WHAT YOU WILL DO =>
Copy the full listing exactly, word for word.

DATA FOR ANALYSIS =>
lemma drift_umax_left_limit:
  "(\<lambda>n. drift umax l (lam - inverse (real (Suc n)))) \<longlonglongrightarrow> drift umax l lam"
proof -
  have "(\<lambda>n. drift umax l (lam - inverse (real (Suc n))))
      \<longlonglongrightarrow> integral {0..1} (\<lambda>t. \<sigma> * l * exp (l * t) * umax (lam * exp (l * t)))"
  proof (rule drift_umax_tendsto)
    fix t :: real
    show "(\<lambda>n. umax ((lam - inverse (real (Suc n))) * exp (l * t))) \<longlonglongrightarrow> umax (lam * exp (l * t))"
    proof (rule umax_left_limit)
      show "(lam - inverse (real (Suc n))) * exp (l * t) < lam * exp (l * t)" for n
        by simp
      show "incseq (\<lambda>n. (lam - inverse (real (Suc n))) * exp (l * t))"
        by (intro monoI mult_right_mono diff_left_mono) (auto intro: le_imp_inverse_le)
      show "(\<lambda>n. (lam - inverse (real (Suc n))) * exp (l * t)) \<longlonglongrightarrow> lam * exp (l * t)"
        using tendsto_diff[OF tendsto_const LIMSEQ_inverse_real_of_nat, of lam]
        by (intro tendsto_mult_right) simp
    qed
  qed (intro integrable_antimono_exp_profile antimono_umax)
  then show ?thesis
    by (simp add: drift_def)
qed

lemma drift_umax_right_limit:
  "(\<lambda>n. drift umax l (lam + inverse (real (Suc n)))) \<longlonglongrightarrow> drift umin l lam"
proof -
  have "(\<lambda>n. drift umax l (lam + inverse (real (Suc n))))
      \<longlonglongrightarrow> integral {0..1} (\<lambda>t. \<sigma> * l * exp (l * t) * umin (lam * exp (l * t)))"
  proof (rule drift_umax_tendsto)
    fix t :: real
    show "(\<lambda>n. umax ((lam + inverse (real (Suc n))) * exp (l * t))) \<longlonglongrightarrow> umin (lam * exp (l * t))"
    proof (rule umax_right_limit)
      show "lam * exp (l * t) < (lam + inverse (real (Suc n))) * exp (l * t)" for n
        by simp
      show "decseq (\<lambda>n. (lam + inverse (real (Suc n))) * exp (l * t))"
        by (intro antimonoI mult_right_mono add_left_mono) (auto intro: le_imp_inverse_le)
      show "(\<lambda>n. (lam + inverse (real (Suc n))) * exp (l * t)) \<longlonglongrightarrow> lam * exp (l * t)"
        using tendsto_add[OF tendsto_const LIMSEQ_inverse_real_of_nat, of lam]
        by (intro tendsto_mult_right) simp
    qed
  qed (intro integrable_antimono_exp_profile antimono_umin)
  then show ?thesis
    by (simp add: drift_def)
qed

ANSWER TO THE PROBLEM =>
lemma drift_umax_left_limit:
  "(\<lambda>n. drift umax l (lam - inverse (real (Suc n)))) \<longlonglongrightarrow> drift umax l lam"
proof -
  have "(\<lambda>n. drift umax l (lam - inverse (real (Suc n))))
      \<longlonglongrightarrow> integral {0..1} (\<lambda>t. \<sigma> * l * exp (l * t) * umax (lam * exp (l * t)))"
  proof (rule drift_umax_tendsto)
    fix t :: real
    show "(\<lambda>n. umax ((lam - inverse (real (Suc n))) * exp (l * t))) \<longlonglongrightarrow> umax (lam * exp (l * t))"
    proof (rule umax_left_limit)
      show "(lam - inverse (real (Suc n))) * exp (l * t) < lam * exp (l * t)" for n
        by simp
      show "incseq (\<lambda>n. (lam - inverse (real (Suc n))) * exp (l * t))"
        by (intro monoI mult_right_mono diff_left_mono) (auto intro: le_imp_inverse_le)
      show "(\<lambda>n. (lam - inverse (real (Suc n))) * exp (l * t)) \<longlonglongrightarrow> lam * exp (l * t)"
        using tendsto_diff[OF tendsto_const LIMSEQ_inverse_real_of_nat, of lam]
        by (intro tendsto_mult_right) simp
    qed
  qed (intro integrable_antimono_exp_profile antimono_umax)
  then show ?thesis
    by (simp add: drift_def)
qed

lemma drift_umax_right_limit:
  "(\<lambda>n. drift umax l (lam + inverse (real (Suc n)))) \<longlonglongrightarrow> drift umin l lam"
proof -
  have "(\<lambda>n. drift umax l (lam + inverse (real (Suc n))))
      \<longlonglongrightarrow> integral {0..1} (\<lambda>t. \<sigma> * l * exp (l * t) * umin (lam * exp (l * t)))"
  proof (rule drift_umax_tendsto)
    fix t :: real
    show "(\<lambda>n. umax ((lam + inverse (real (Suc n))) * exp (l * t))) \<longlonglongrightarrow> umin (lam * exp (l * t))"
    proof (rule umax_right_limit)
      show "lam * exp (l * t) < (lam + inverse (real (Suc n))) * exp (l * t)" for n
        by simp
      show "decseq (\<lambda>n. (lam + inverse (real (Suc n))) * exp (l * t))"
        by (intro antimonoI mult_right_mono add_left_mono) (auto intro: le_imp_inverse_le)
      show "(\<lambda>n. (lam + inverse (real (Suc n))) * exp (l * t)) \<longlonglongrightarrow> lam * exp (l * t)"
        using tendsto_add[OF tendsto_const LIMSEQ_inverse_real_of_nat, of lam]
        by (intro tendsto_mult_right) simp
    qed
  qed (intro integrable_antimono_exp_profile antimono_umin)
  then show ?thesis
    by (simp add: drift_def)
qed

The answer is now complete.